I met Mr. Bump 7 years ago today. It was the day of the annual St. Patrick's Day Parade. One of those bright blue sky Colorado days, still cool but sunny and sparkly. The day was downright promising.
I initially met Mr. Bump on Yahoo personals, back in the day when not everyone had a polished persona on the internet. He posted an ad, I responded. Truthfully it was out of character for me (I'm more of a lurker), but his ad was 3 times as long as all of the others and he wasn't looking for someone physically specific. I think his only reference was to modesty. (Hah!) He surprised me by emailing me back, and so the course of our courtship commenced. (In hindsight it was courtship, but at the time I wasn't sure what it was.) We talked about books and cartoons and growing up 15 miles from each other in small towns in Northern Colorado.
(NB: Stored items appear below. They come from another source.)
(* Let $\alpha\in(0,1]$ and let $(c,\{n_{h,\bar h}\})$ be a unitary, modular invariant 2D CFT spectrum in the sense of the context, with central charge $c\geqslant 0$. Define the error term $$\mathcal{E}(\beta_L,\beta_R):=\log Z(\beta_L,\beta_R)-\frac{c}{24}(\beta_L+\beta_R).$$ Then for every $(\beta_L,\beta_R)\in\mathcal{D}_\alpha$ the algorithm $\mathsf{A}_\alpha$ (see context) started at $(\beta_L,\beta_R)$ is well defined and stops after a finite number $N$ of points $(\beta_L^{(1)},\beta_R^{(1)}),\dots,(\beta_L^{(N)},\beta_R^{(N)})$; these satisfy $\beta_L^{(i)}\beta_R^{(i)}>4\pi^2$ for $i=1,\dots,N-1$ and $\beta_L^{(N)},\beta_R^{(N)}>2\pi$; and $$\mathcal{E}(\beta_L,\beta_R)\leqslant\log\left[\sum_{i=1}^{N}\tilde Z_L\big(\alpha;\beta_L^{(i)},\beta_R^{(i)}\big)+\tilde Z_H\big(\alpha;\beta_L^{(N)},\beta_R^{(N)}\big)\right].$$
   Context: A unitary, modular invariant 2D CFT spectrum consists of a real number $c\geqslant0$ (central charge) and a countable collection of pairs $(h,\bar h)$ with $h,\bar h\geqslant0$, each with a multiplicity $n_{h,\bar h}\in\mathbb{N}$, such that the torus partition function $$Z(\beta_L,\beta_R)=\sum_{h,\bar h}n_{h,\bar h}\,e^{-(h-\frac{c}{24})\beta_L-(\bar h-\frac{c}{24})\beta_R}$$ is finite for all $\beta_L,\beta_R\in(0,\infty)$ and satisfies $Z(\beta_L,\beta_R)=Z(4\pi^2/\beta_L,4\pi^2/\beta_R)$ ($h-\bar h$ need not be an integer). For $\alpha\in(0,1]$ define $$\tilde Z_L(\alpha;\beta_L,\beta_R)=\sum_{\min(h,\bar h)\leqslant\frac{\alpha c}{24}}n_{h,\bar h}e^{-h\beta_L-\bar h\beta_R},\qquad \tilde Z_H(\alpha;\beta_L,\beta_R)=\sum_{h,\bar h>\frac{\alpha c}{24}}n_{h,\bar h}e^{-h\beta_L-\bar h\beta_R}.$$ Let $\phi_\alpha(\beta)=\max\left\{\frac{4\pi^2}{\beta},\ \frac12\left(\alpha(4\pi-\beta)+\sqrt{\alpha^2(4\pi-\beta)^2+16\pi^2(1-\alpha)}\right)\right\}$ and $$\mathcal{D}_\alpha=\{(\beta_L,\beta_R):\ \beta_R>2\pi,\ \beta_L>\phi_\alpha(\beta_R)\}\cup\{(\beta_L,\beta_R):\ \beta_L>2\pi,\ \beta_R>\phi_\alpha(\beta_L)\}.$$ Algorithm $\mathsf{A}_\alpha$: set $(\beta_L^{(1)},\beta_R^{(1)})=(\beta_L,\beta_R)$. Given $(b_L,b_R)=(\beta_L^{(i)},\beta_R^{(i)})$: (1) if $b_L>2\pi$ and $b_R>2\pi$, stop and set $N=i$. (2) If $b_L\leqslant2\pi$: put $\tilde b_L=b_L$ if $b_L<2\pi$ and $\tilde b_L=\frac{8\pi^2}{\alpha(b_R-2\pi)+4\pi}$ if $b_L=2\pi$; let $t>0$ be the unique positive solution of $\alpha b_R+\tilde b_L-\frac{4\pi^2}{\tilde b_L}+(1-\alpha)\frac{4\pi^2}{t}-t=0$; set $(\beta_L^{(i+1)},\beta_R^{(i+1)})=(4\pi^2/\tilde b_L,\ t)$. (3) Otherwise ($b_L>2\pi$, $b_R\leqslant2\pi$): do the same with the roles of $L$ and $R$ exchanged, i.e. $\tilde b_R=b_R$ if $b_R<2\pi$, $\tilde b_R=\frac{8\pi^2}{\alpha(b_L-2\pi)+4\pi}$ if $b_R=2\pi$, $t>0$ the unique positive solution of $\alpha b_L+\tilde b_R-\frac{4\pi^2}{\tilde b_R}+(1-\alpha)\frac{4\pi^2}{t}-t=0$, and $(\beta_L^{(i+1)},\beta_R^{(i+1)})=(t,\ 4\pi^2/\tilde b_R)$. *)

theory Defs
  imports "HOL-Analysis.Analysis"
begin

text \<open>A spectrum is given by the central charge c and a multiplicity function
  n :: real \<times> real \<Rightarrow> nat; the pairs (h, hb) present in the spectrum are those with n (h,hb) > 0.\<close>

definition Zpart :: "real \<Rightarrow> (real \<times> real \<Rightarrow> nat) \<Rightarrow> real \<Rightarrow> real \<Rightarrow> real" where
  "Zpart c n bL bR = (\<Sum>\<^sub>\<infinity>(h,hb)\<in>UNIV. real (n (h,hb)) * exp (-(h - c/24) * bL - (hb - c/24) * bR))"

definition cft_spectrum :: "real \<Rightarrow> (real \<times> real \<Rightarrow> nat) \<Rightarrow> bool" where
  "cft_spectrum c n \<longleftrightarrow>
     c \<ge> 0 \<and>
     countable {p. n p \<noteq> 0} \<and>
     (\<forall>h hb. n (h,hb) \<noteq> 0 \<longrightarrow> h \<ge> 0 \<and> hb \<ge> 0) \<and>
     (\<forall>bL bR. bL > 0 \<longrightarrow> bR > 0 \<longrightarrow>
        (\<lambda>(h,hb). real (n (h,hb)) * exp (-(h - c/24) * bL - (hb - c/24) * bR)) summable_on UNIV) \<and>
     (\<forall>bL bR. bL > 0 \<longrightarrow> bR > 0 \<longrightarrow>
        Zpart c n bL bR = Zpart c n (4*pi^2/bL) (4*pi^2/bR))"

definition ZL :: "real \<Rightarrow> (real \<times> real \<Rightarrow> nat) \<Rightarrow> real \<Rightarrow> real \<Rightarrow> real \<Rightarrow> real" where
  "ZL c n \<alpha> bL bR = (\<Sum>\<^sub>\<infinity>(h,hb)\<in>{(h,hb). min h hb \<le> \<alpha> * c / 24}.
       real (n (h,hb)) * exp (- h * bL - hb * bR))"

definition ZH :: "real \<Rightarrow> (real \<times> real \<Rightarrow> nat) \<Rightarrow> real \<Rightarrow> real \<Rightarrow> real \<Rightarrow> real" where
  "ZH c n \<alpha> bL bR = (\<Sum>\<^sub>\<infinity>(h,hb)\<in>{(h,hb). h > \<alpha> * c / 24 \<and> hb > \<alpha> * c / 24}.
       real (n (h,hb)) * exp (- h * bL - hb * bR))"

definition err :: "real \<Rightarrow> (real \<times> real \<Rightarrow> nat) \<Rightarrow> real \<Rightarrow> real \<Rightarrow> real" where
  "err c n bL bR = ln (Zpart c n bL bR) - c/24 * (bL + bR)"

definition phi :: "real \<Rightarrow> real \<Rightarrow> real" where
  "phi \<alpha> \<beta> = max (4*pi^2/\<beta>)
     ((\<alpha> * (4*pi - \<beta>) + sqrt (\<alpha>^2 * (4*pi - \<beta>)^2 + 16*pi^2*(1 - \<alpha>))) / 2)"

definition Dom :: "real \<Rightarrow> (real \<times> real) set" where
  "Dom \<alpha> = {(bL,bR). bR > 2*pi \<and> bL > phi \<alpha> bR} \<union> {(bL,bR). bL > 2*pi \<and> bR > phi \<alpha> bL}"

text \<open>Half-step: b is the variable that is \<le> 2 pi, b' the other one. Returns the modified b.\<close>
definition btilde :: "real \<Rightarrow> real \<Rightarrow> real \<Rightarrow> real" where
  "btilde \<alpha> b b' = (if b < 2*pi then b else 8*pi^2 / (\<alpha> * (b' - 2*pi) + 4*pi))"

definition t_eq :: "real \<Rightarrow> real \<Rightarrow> real \<Rightarrow> real \<Rightarrow> bool" where
  "t_eq \<alpha> bt b' t \<longleftrightarrow> \<alpha> * b' + bt - 4*pi^2/bt + (1 - \<alpha>) * 4*pi^2 / t - t = 0"

text \<open>One step of algorithm A_alpha from (bL,bR) to (bL',bR'), including the requirement
  that the positive solution t exists and is unique (well-definedness).\<close>
definition alg_step :: "real \<Rightarrow> real \<times> real \<Rightarrow> real \<times> real \<Rightarrow> bool" where
  "alg_step \<alpha> p q \<longleftrightarrow>
     (let bL = fst p; bR = snd p in
      if bL \<le> 2*pi then
        (let bt = btilde \<alpha> bL bR in
          (\<exists>!t. t > 0 \<and> t_eq \<alpha> bt bR t) \<and>
          fst q = 4*pi^2 / bt \<and> snd q > 0 \<and> t_eq \<alpha> bt bR (snd q))
      else if bR \<le> 2*pi then
        (let bt = btilde \<alpha> bR bL in
          (\<exists>!t. t > 0 \<and> t_eq \<alpha> bt bL t) \<and>
          snd q = 4*pi^2 / bt \<and> fst q > 0 \<and> t_eq \<alpha> bt bL (fst q))
      else False)"

end

theory Submission
  imports Defs
begin

(* Write Z = exp ((c/24) (bL + bR)) * Zred, so that the error term is ln Zred, and split
   Zred = ZL + ZH.  On the states counted by ZH both weights exceed alpha c/24, so ZH at (bL, bR)
   is bounded by Zred at smaller inverse temperatures (a', b') times
   exp (-(alpha c/24) (bL - a' + bR - b')), and modular invariance turns this into Zred at the
   dual point (4 pi^2/a', 4 pi^2/b').  A step of the algorithm is such a move with the two
   exponentials balanced, so along the run Zred (beta 1) <= sum_i ZL (beta i) + ZH (beta N).

   For termination write the current point as (x, y) with x <= 2 pi < y.  While x < 2 pi a step
   preserves gfun x + alpha y, where gfun x = x - (1 - alpha) 4 pi^2/x, and increases x by a
   fixed amount: gfun has bounded slope, and the increase of gfun is bounded below by the
   condition defining the domain D_alpha.  Once x reaches 2 pi, one more step puts both
   coordinates above 2 pi. *)

section \<open>The step equation\<close>

definition gfun :: "real \<Rightarrow> real \<Rightarrow> real" where
  "gfun \<alpha> x = x - (1 - \<alpha>) * 4*pi^2 / x"

definition gfun_inv :: "real \<Rightarrow> real \<Rightarrow> real" where
  "gfun_inv \<alpha> A = (A + sqrt (A^2 + 16*pi^2*(1 - \<alpha>))) / 2"

lemma gfun_eq: "gfun \<alpha> x = x - 4*pi^2/x + \<alpha>*(4*pi^2/x)"
  unfolding gfun_def by (simp add: algebra_simps diff_divide_distrib)

lemma gfun_add_eq: "gfun \<alpha> x + \<alpha>*y = x + (2*\<alpha> - 1)*(4*pi^2)/x + \<alpha>*(y - 4*pi^2/x)"
proof -
  have "(2*\<alpha> - 1)*(4*pi^2)/x = 2*(\<alpha>*(4*pi^2/x)) - 4*pi^2/x"
    by (cases "x = 0") (simp_all add: field_simps)
  then show ?thesis
    using gfun_eq[of \<alpha> x] unfolding right_diff_distrib by linarith
qed

lemma gfun_diff:
  assumes "0 < a" "0 < b"
  shows "gfun \<alpha> b - gfun \<alpha> a = (b - a) * (1 + (1 - \<alpha>) * 4*pi^2 / (a*b))"
  using assms unfolding gfun_def by (simp add: field_simps)

lemma gfun_less_iff:
  assumes "0 < a" "0 < b" "\<alpha> \<le> 1"
  shows "gfun \<alpha> a < gfun \<alpha> b \<longleftrightarrow> a < b"
proof -
  have "0 < 1 + (1 - \<alpha>) * 4*pi^2 / (a*b)"
    using assms by (smt (verit) divide_nonneg_pos mult_nonneg_nonneg mult_pos_pos pi_gt_zero zero_le_power2)
  then show ?thesis
    using gfun_diff[OF assms(1,2), of \<alpha>] by (smt (verit) mult_pos_pos mult_neg_pos)
qed

lemma gfun_le_iff:
  assumes "0 < a" "0 < b" "\<alpha> \<le> 1"
  shows "gfun \<alpha> a \<le> gfun \<alpha> b \<longleftrightarrow> a \<le> b"
  using gfun_less_iff[of b a \<alpha>] assms by linarith

lemma gfun_diff_le:
  assumes "\<alpha> \<le> 1" "0 < x\<^sub>1" "x\<^sub>1 \<le> a" "a \<le> b"
  shows "gfun \<alpha> b - gfun \<alpha> a \<le> (b - a) * (1 + (1 - \<alpha>) * 4*pi^2 / x\<^sub>1^2)"
proof -
  have "x\<^sub>1^2 \<le> a*b"
    unfolding power2_eq_square using assms by (intro mult_mono) auto
  then have "(1 - \<alpha>) * 4*pi^2 / (a*b) \<le> (1 - \<alpha>) * 4*pi^2 / x\<^sub>1^2"
    using assms by (intro divide_left_mono) auto
  then have "(b - a) * (1 + (1 - \<alpha>) * 4*pi^2 / (a*b)) \<le> (b - a) * (1 + (1 - \<alpha>) * 4*pi^2 / x\<^sub>1^2)"
    using assms by (intro mult_left_mono) auto
  then show ?thesis
    using gfun_diff[of a b \<alpha>] assms by simp
qed

lemma gfun_inv_correct:
  assumes "\<alpha> \<le> 1" "0 < A \<or> \<alpha> < 1"
  shows "0 < gfun_inv \<alpha> A" "gfun \<alpha> (gfun_inv \<alpha> A) = A"
proof -
  define D where "D = A^2 + 16*pi^2*(1 - \<alpha>)"
  have "A^2 \<le> D" "\<alpha> < 1 \<Longrightarrow> A^2 < D"
    using assms by (simp_all add: D_def)
  then have "\<bar>A\<bar> \<le> sqrt D" "\<alpha> < 1 \<Longrightarrow> \<bar>A\<bar> < sqrt D"
    using real_sqrt_le_mono real_sqrt_less_mono by fastforce+
  then have "0 < A + sqrt D"
    using assms(2) abs_ge_minus_self[of A] by linarith
  then show pos: "0 < gfun_inv \<alpha> A"
    unfolding gfun_inv_def D_def[symmetric] by simp
  have "sqrt D ^ 2 = D"
    using \<open>A^2 \<le> D\<close> by (simp add: order_trans[OF zero_le_power2])
  then have "(gfun_inv \<alpha> A)^2 - A * gfun_inv \<alpha> A = 4*pi^2*(1 - \<alpha>)"
    unfolding gfun_inv_def D_def[symmetric] by (simp add: field_simps power2_eq_square D_def)
  then show "gfun \<alpha> (gfun_inv \<alpha> A) = A"
    using pos unfolding gfun_def by (simp add: field_simps power2_eq_square)
qed

lemma t_eq_iff_gfun: "t_eq \<alpha> bt b t \<longleftrightarrow> gfun \<alpha> t = \<alpha>*b + bt - 4*pi^2/bt"
  unfolding t_eq_def gfun_def by linarith

lemma btilde_bounds:
  assumes "0 < \<alpha>" "\<alpha> \<le> 1" "0 < x" "x \<le> 2*pi" "2*pi < y" "4*pi^2 < x*y"
  shows "0 < btilde \<alpha> x y" "btilde \<alpha> x y \<le> x" "btilde \<alpha> x y < 2*pi"
    "4*pi^2 \<le> btilde \<alpha> x y * y"
proof -
  have "0 < btilde \<alpha> x y \<and> btilde \<alpha> x y \<le> x \<and> btilde \<alpha> x y < 2*pi \<and> 4*pi^2 \<le> btilde \<alpha> x y * y"
  proof (cases "x < 2*pi")
    case True
    then show ?thesis using assms by (simp add: btilde_def)
  next
    case False
    define d where "d = \<alpha>*(y - 2*pi) + 4*pi"
    have x: "x = 2*pi" using False assms by linarith
    have d: "4*pi < d" using assms by (simp add: d_def)
    have "0 < d" using d pi_gt_zero by linarith
    have "8*pi^2 < 2*pi*d" using d pi_gt_zero by (simp add: power2_eq_square)
    then have small: "8*pi^2/d < 2*pi"
      using \<open>0 < d\<close> by (simp add: divide_less_eq)
    have "0 \<le> 4*pi^2*((2 - \<alpha>)*(y - 2*pi))"
      using assms by simp
    also have "\<dots> = 8*pi^2*y - 4*pi^2*d"
      by (simp add: d_def algebra_simps power2_eq_square)
    finally have "4*pi^2 \<le> 8*pi^2/d * y"
      using \<open>0 < d\<close> by (simp add: le_divide_eq mult.commute mult.left_commute)
    with small show ?thesis
      using x \<open>0 < d\<close> pi_gt_zero by (simp add: btilde_def d_def[symmetric])
  qed
  then show "0 < btilde \<alpha> x y" "btilde \<alpha> x y \<le> x" "btilde \<alpha> x y < 2*pi"
    "4*pi^2 \<le> btilde \<alpha> x y * y" by auto
qed

lemma step_solution:
  fixes \<alpha> x y :: real
  defines "bt \<equiv> btilde \<alpha> x y"
  defines "A \<equiv> \<alpha>*y + bt - 4*pi^2/bt"
  assumes "0 < \<alpha>" "\<alpha> \<le> 1" "0 < x" "x \<le> 2*pi" "2*pi < y" "4*pi^2 < x*y"
  shows "0 < gfun_inv \<alpha> A" "t_eq \<alpha> bt y (gfun_inv \<alpha> A)" "\<exists>!t. 0 < t \<and> t_eq \<alpha> bt y t"
proof -
  note b = btilde_bounds[OF assms(3-8), folded bt_def]
  have "4*pi^2/bt \<le> y"
    using b by (simp add: divide_le_eq mult.commute)
  then have "0 < A \<or> \<alpha> < 1"
    using b assms(4) by (cases "\<alpha> = 1") (auto simp: A_def)
  note inv = gfun_inv_correct[OF assms(4) this]
  show "0 < gfun_inv \<alpha> A" "t_eq \<alpha> bt y (gfun_inv \<alpha> A)"
    using inv by (simp_all add: t_eq_iff_gfun A_def)
  show "\<exists>!t. 0 < t \<and> t_eq \<alpha> bt y t"
  proof (rule ex1I)
    show "0 < gfun_inv \<alpha> A \<and> t_eq \<alpha> bt y (gfun_inv \<alpha> A)"
      using inv by (simp add: t_eq_iff_gfun A_def)
  next
    fix t assume "0 < t \<and> t_eq \<alpha> bt y t"
    then show "t = gfun_inv \<alpha> A"
      using inv gfun_less_iff[of t "gfun_inv \<alpha> A" \<alpha>] gfun_less_iff[of "gfun_inv \<alpha> A" t \<alpha>] assms(4)
      by (auto simp: t_eq_iff_gfun A_def)
  qed
qed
We had a lot in common. After a few weeks of correspondence, I thought we should take the next step and talk on the phone.
Boy was that a bad idea. He barely said a word and so I babbled to make up the gaps. I, of course, being the insecure soul that I am, thought he really wasn't that into me. It was all going too well.
I'm sure he would know whether it was my idea or his to finally meet, but I don't remember that detail anymore. I'm not heavy on details in my memory. I have more of a sense memory--I can tell you how a particular meal I had in New Zealand last year tasted, what the seaspray felt like hitting my face on the ferry to the Aran Islands three years ago, or how that whole summer of our romance, the summer after I met Mr. Bump, was a soundtrack of jazz and Jonatha Brooke.
But we decided to meet.
My roommate and best friend, Ms. M, wanted to follow me and watch to make sure I didn't get abducted. But sometimes you just know that whatever might go wrong that day, it wasn't going to be that kind of misjudgment of character. Besides, we met in the afternoon. At a coffee shop. By Cheeseman Park, which is essentially the gay male mecca of Denver. I figured if he was secure enough to both live in that area and meet me there, I wasn't going to worry about abduction.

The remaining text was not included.